Puis la foudre tombe sur le sommet d'Assiniboine, à quelques soixante mètres au dessus de notre kamikaze. J'ai crainte pour lui. Mais il poursuit sa descente, lentement. La nuit tombe. Il bivouaquera dans la montagne. Je ferme la lumière du refuge et entame une bonne nuit de sommeil.

A deux ou trois heures du matin, je me fais réveiller par des coups sourds. C'est notre grimpeur qui est revenu de sa paroi. Il a l'air bien épuisé et éprouvé. Il ne parle pas anglais, mais je comprend sa fatigue et lui offre du thé et un peu à manger. Nous retournons ensuite nous coucher.

Le lendemain, nous bouclons tous trois nos sacs et revenons ensembles au lac Magog. De la rive du lac, les guides du parc ont regardé notre progression à la jumelle pendant la journée d'hier. Nous discutons de notre ascension.

Il fait bon et chaud. Dans les alpages, sur la rive du lac, j'admire ma montagne. il fait curieux la regarder ainsi, maintenant. Cette paroi qui me semblait si gigantesque a perdu un peu de son aura maintenant. Elle n'est pas si difficile que je ne le croyais. Je savoure encore mon escalade, couché dans l'herbe, la tête appuyée sur mon sac.

C'est seulement tard dans l'après-midi que j'envisage de prendre le chemin du retour. J'ai juste un peu moins de trente kilomètres de marche à faire pour revenir à Sunshine village. Mais je me sens en pleine forme et je replonge dans la douce rêverie de la marche en solitaire sur les sentiers des Rocheuses. La vallée des Rochers, la vallée Dorée, le col de la Citadelle me voient passer sans m'arrêter. Puis je retrouve les alpages avec la soirée qui s'éteint tranquillement.

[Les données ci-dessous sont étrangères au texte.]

definition footprint :: "nat \<Rightarrow> ('a \<times> 'b) set" where
  "footprint j = N (S ! j) - (\<Union>j'<j. N (S ! j'))"

definition steps_at :: "'a set \<Rightarrow> nat set" where
  "steps_at X = {j. j < length S \<and> fst (S ! j) \<in> X}"

lemma adj_sym: "EG x y \<Longrightarrow> EG y x"
  and adj_irrefl: "\<not> EG x x"
  and adj_mem: "EG x y \<Longrightarrow> x \<in> VG \<and> y \<in> VG"
  using graph_G by (auto simp: fin_graph_def)

lemma step_mem: "j < length S \<Longrightarrow> S ! j \<in> VG \<times> VH"
  using legal nth_mem[of j S] unfolding legal_seq_def lex_vertices_def by blast

lemma mem_closed_nbhd_step:
  assumes "j < length S"
  shows "u \<in> N (S ! j) \<longleftrightarrow> u \<in> VG \<times> VH \<and>
    (EG (fst (S ! j)) (fst u) \<or> fst u = fst (S ! j) \<and> snd u \<in> closed_nbhd VH EH (snd (S ! j)))"
  using closed_nbhd_lex[OF graph_G, of "fst (S ! j)" "snd (S ! j)" VH u EH] step_mem[OF assms]
  by auto

lemma footprint_nonempty: "j < length S \<Longrightarrow> footprint j \<noteq> {}"
  using legal unfolding legal_seq_def footprint_def by blast

lemma footprint_not_earlier: "u \<in> footprint j \<Longrightarrow> j' < j \<Longrightarrow> u \<notin> N (S ! j')"
  unfolding footprint_def by blast

lemma footprint_mem:
  assumes "u \<in> footprint j" "j < length S"
  shows "u \<in> VG \<times> VH"
    and "fst u = fst (S ! j) \<or> EG (fst (S ! j)) (fst u)"
  using assms mem_closed_nbhd_step[of j u] unfolding footprint_def by auto

lemma footprint_not_adj_earlier:
  assumes "u \<in> footprint j" "j < length S" "j' < j"
  shows "\<not> EG (fst (S ! j')) (fst u)"
  using assms footprint_not_earlier[OF assms(1,3)] footprint_mem(1)[OF assms(1,2)]
    mem_closed_nbhd_step[of j' u] by auto

lemma steps_at_finite: "finite (steps_at X)"
  by (simp add: steps_at_def)

lemma card_steps_at_eq_sum:
  "finite X \<Longrightarrow> card (steps_at X) = (\<Sum>g\<in>X. card (steps_at {g}))"
  unfolding steps_at_def
  by (subst card_UN_disjoint[symmetric]) (auto intro: arg_cong[where f = card])

lemma steps_at_footprints:
  "\<forall>j\<in>steps_at {g}. \<exists>w\<in>closed_nbhd VH EH (snd (S ! j)).
     \<forall>j'\<in>steps_at {g}. j' < j \<longrightarrow> w \<notin> closed_nbhd VH EH (snd (S ! j'))"
proof
  fix j assume j: "j \<in> steps_at {g}"
  then have jl: "j < length S" and jg: "fst (S ! j) = g"
    by (auto simp: steps_at_def)
  obtain u where u: "u \<in> footprint j"
    using footprint_nonempty[OF jl] by blast
  show "\<exists>w\<in>closed_nbhd VH EH (snd (S ! j)).
      \<forall>j'\<in>steps_at {g}. j' < j \<longrightarrow> w \<notin> closed_nbhd VH EH (snd (S ! j'))"
  proof (cases "EG g (fst u)")
    case True
    then have "\<forall>j'\<in>steps_at {g}. \<not> j' < j"
      using footprint_not_adj_earlier[OF u jl] by (auto simp: steps_at_def)
    then show ?thesis
      using self_in_closed_nbhd[of "snd (S ! j)" VH EH] by blast
  next
    case False
    then have "fst u = g" "snd u \<in> closed_nbhd VH EH (snd (S ! j))"
      using u jl jg mem_closed_nbhd_step[of j u] by (auto simp: footprint_def)
    moreover have "snd u \<notin> closed_nbhd VH EH (snd (S ! j'))"
      if "j' \<in> steps_at {g}" "j' < j" for j'
      using that footprint_not_earlier[OF u] footprint_mem(1)[OF u jl] \<open>fst u = g\<close>
        mem_closed_nbhd_step[of j' u] by (auto simp: steps_at_def)
    ultimately show ?thesis by blast
  qed
qed

lemma inj_on_snd_steps_at: "inj_on (\<lambda>j. snd (S ! j)) (steps_at {g})"
proof (rule inj_onI)
  fix j j' assume "j \<in> steps_at {g}" "j' \<in> steps_at {g}" "snd (S ! j) = snd (S ! j')"
  then have "j < length S" "j' < length S" "S ! j = S ! j'"
    by (auto simp: steps_at_def prod_eq_iff)
  then show "j = j'"
    using legal by (simp add: legal_seq_def nth_eq_iff_index_eq)
qed

lemma snd_steps_at_subset: "(\<lambda>j. snd (S ! j)) ` steps_at {g} \<subseteq> VH"
  using step_mem by (auto simp: steps_at_def mem_Times_iff)

lemma card_steps_at_le: "card (steps_at {g}) \<le> \<gamma>H"
  using graph_H
  by (intro card_le_grundy_dom_num_if_footprints[OF _ steps_at_finite inj_on_snd_steps_at
        snd_steps_at_subset steps_at_footprints]) (simp add: fin_graph_def)

lemma card_steps_at_less:
  assumes before: "\<forall>j\<in>steps_at {g}. j < t" and "w \<in> VH"
    and undominated: "\<forall>j'<t. (g, w) \<notin> N (S ! j')"
  shows "card (steps_at {g}) < \<gamma>H"
proof -
  have "w \<notin> closed_nbhd VH EH (snd (S ! j))" if "j \<in> steps_at {g}" for j
  proof
    assume "w \<in> closed_nbhd VH EH (snd (S ! j))"
    moreover have "j < length S" "fst (S ! j) = g" "j < t"
      using that before by (auto simp: steps_at_def)
    ultimately have "(g, w) \<in> N (S ! j)"
      using step_mem[of j] \<open>w \<in> VH\<close> mem_closed_nbhd_step[of j "(g, w)"] by (auto simp: mem_Times_iff)
    then show False
      using undominated \<open>j < t\<close> by blast
  qed
  then show ?thesis
    using graph_H \<open>w \<in> VH\<close>
    by (intro card_less_grundy_dom_num_if_footprints[OF _ steps_at_finite inj_on_snd_steps_at
          snd_steps_at_subset steps_at_footprints, of w]) (simp_all add: fin_graph_def)
qed

lemma \<gamma>H_pos: "S \<noteq> [] \<Longrightarrow> 0 < \<gamma>H"
  using graph_H step_mem[of 0] legal_seq_singleton[of "snd (S ! 0)" VH EH]
    legal_seq_length_le_grundy_dom_num[of VH EH "[snd (S ! 0)]"]
  by (auto simp: fin_graph_def mem_Times_iff)

end

locale split_lex_legal_seq = lex_legal_seq +
  fixes I K :: "'a set"
  assumes partition: "VG = I \<union> K" and disjoint: "I \<inter> K = {}"
    and clique: "clique VG EG K" and indep: "indep_set VG EG I"
    and K_adj_I: "\<forall>k\<in>K. \<exists>i\<in>I. EG k i"
begin

lemma indep_not_adj: "i \<in> I \<Longrightarrow> i' \<in> I \<Longrightarrow> \<not> EG i i'"
  using indep by (simp add: indep_set_def)

lemma clique_adj: "k \<in> K \<Longrightarrow> k' \<in> K \<Longrightarrow> k \<noteq> k' \<Longrightarrow> EG k k'"
  using clique by (simp add: clique_def)

lemma finite_I: "finite I"
  using graph_G partition by (simp add: fin_graph_def)

definition deficit :: "'a \<Rightarrow> nat" where
  "deficit i = \<gamma>H - card (steps_at {i})"

definition charged :: "nat set" where
  "charged = {j \<in> steps_at K. \<exists>u\<in>footprint j. fst u \<in> I}"

definition charge :: "nat \<Rightarrow> 'a" where
  "charge j = (SOME i. i \<in> I \<and> (\<exists>u\<in>footprint j. fst u = i))"

lemma charged_steps_at: "j \<in> charged \<Longrightarrow> j < length S \<and> fst (S ! j) \<in> K"
  by (simp add: charged_def steps_at_def)

lemma charge_footprint: "j \<in> charged \<Longrightarrow> charge j \<in> I \<and> (\<exists>u\<in>footprint j. fst u = charge j)"
  unfolding charge_def charged_def by (rule someI_ex) blast

lemma charge_adj:
  assumes "j \<in> charged"
  shows "EG (fst (S ! j)) (charge j)"
proof -
  obtain u where u: "u \<in> footprint j" "fst u = charge j" and "charge j \<in> I"
    using charge_footprint[OF assms] by blast
  moreover have "fst (S ! j) \<notin> I" "j < length S"
    using charged_steps_at[OF assms] disjoint by auto
  ultimately show ?thesis
    using footprint_mem(2)[OF u(1)] by auto
qed

lemma inj_on_charge: "inj_on charge charged"
proof -
  have "charge j \<noteq> charge j'" if jj': "j \<in> charged" "j' \<in> charged" "j < j'" for j j'
  proof
    assume "charge j = charge j'"
    moreover obtain u where "u \<in> footprint j'" "fst u = charge j'"
      using charge_footprint[OF jj'(2)] by blast
    moreover have "j' < length S"
      using charged_steps_at[OF jj'(2)] by simp
    ultimately show False
      using footprint_not_adj_earlier[of u j' j] charge_adj[OF jj'(1)] jj'(3) by simp
  qed
  then show ?thesis
    by (intro inj_onI) (metis linorder_neqE_nat)
qed

lemma deficit_charge_pos:
  assumes "j \<in> charged" and no_later: "\<forall>j'\<in>steps_at {charge j}. \<not> j < j'"
  shows "0 < deficit (charge j)"
proof -
  obtain u where u: "u \<in> footprint j" "fst u = charge j" and "charge j \<in> I"
    using charge_footprint[OF assms(1)] by blast
  have j: "j < length S" "fst (S ! j) \<in> K"
    using charged_steps_at[OF assms(1)] by auto
  have u_eq: "(charge j, snd u) = u"
    using u(2) by (simp add: prod_eq_iff)
  have "\<forall>j'\<in>steps_at {charge j}. j' < j"
  proof
    fix j' assume j': "j' \<in> steps_at {charge j}"
    then have "j' \<noteq> j"
      using j(2) \<open>charge j \<in> I\<close> disjoint by (auto simp: steps_at_def)
    then show "j' < j"
      using no_later j' by auto
  qed
  moreover have "snd u \<in> VH"
    using footprint_mem(1)[OF u(1) j(1)] by auto
  moreover have "\<forall>j'<j. (charge j, snd u) \<notin> N (S ! j')"
    using footprint_not_earlier[OF u(1)] u_eq by simp
  ultimately have "card (steps_at {charge j}) < \<gamma>H"
    by (rule card_steps_at_less)
  then show ?thesis
    by (simp add: deficit_def)
qed

lemma card_le_sum_deficit_charge:
  assumes "X \<subseteq> charged" and "\<forall>j\<in>X. \<forall>j'\<in>steps_at {charge j}. \<not> j < j'"
  shows "card X \<le> (\<Sum>i\<in>charge ` X. deficit i)"
proof -
  have "card X = card (charge ` X)"
    using inj_on_subset[OF inj_on_charge assms(1)] by (simp add: card_image)
  also have "\<dots> = (\<Sum>i\<in>charge ` X. 1)"
    by simp
  also have "\<dots> \<le> (\<Sum>i\<in>charge ` X. deficit i)"
  proof (rule sum_mono)
    fix i assume "i \<in> charge ` X"
    then show "1 \<le> deficit i"
      using deficit_charge_pos assms by (force simp: Suc_le_eq)
  qed
  finally show ?thesis .
qed

text \<open>Once the step \<open>j\<close> has dominated the whole fiber of its charge \<open>i\<close>, a later step in
  that fiber can only footprint in the fiber of a clique neighbour of \<open>i\<close>, and all of these
  except the fiber of \<open>fst (S ! j)\<close> are dominated by \<open>j\<close> as well.\<close>
lemma footprint_after_charge:
  assumes "j \<in> charged" "j' \<in> steps_at {charge j}" "j < j'" "u \<in> footprint j'"
  shows "fst u = fst (S ! j)"
proof -
  have j: "j < length S" "fst (S ! j) \<in> K"
    using charged_steps_at[OF assms(1)] by auto
  have j': "j' < length S" "fst (S ! j') = charge j"
    using assms(2) by (auto simp: steps_at_def)
  have not_adj: "\<not> EG (fst (S ! j)) (fst u)"
    using footprint_not_adj_earlier[OF assms(4) j'(1) assms(3)] .
  then have "fst u \<noteq> charge j"
    using charge_adj[OF assms(1)] by auto
  then have adj: "EG (charge j) (fst u)"
    using footprint_mem(2)[OF assms(4) j'(1)] j'(2) by auto
  have "charge j \<in> I"
    using charge_footprint[OF assms(1)] by blast
  then have "fst u \<notin> I"
    using indep_not_adj adj by blast
  then have "fst u \<in> K"
    using adj_mem[OF adj] partition by blast
  then show ?thesis
    using not_adj clique_adj[OF j(2)] by metis
qed

lemma sum_card_steps_at_add_sum_deficit:
  "(\<Sum>i\<in>I. card (steps_at {i})) + (\<Sum>i\<in>I. deficit i) = card I * \<gamma>H"
  using card_steps_at_le by (simp add: deficit_def flip: sum.distrib)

Mais comme la nuit commence, un gigantesque orage s'abat encore. La pluie tombe à grosses gouttes pendant des heures et pénètre mes vêtements. D'abord les épaules, puis les bras, les cuisses, enfin je me retrouve bientôt trempé de partout jusqu'à la peau. La nuit est tout de même assez claire pour trouver le chemin et j'arrive finalement au centre de ski de Sunshine Village où je termine ma longue marche.

J'explique d'où je viens. De sympathiques travailleurs m'accueillent et me donnent ensuite une chambre pour la nuit. Je m'assèche et me glisse entre des draps propres. Dans le plus grand confort, je savoure cette belle aventure qui vient de se terminer. Et, fatigué, je sombre ensuite dans le plus profond sommeil.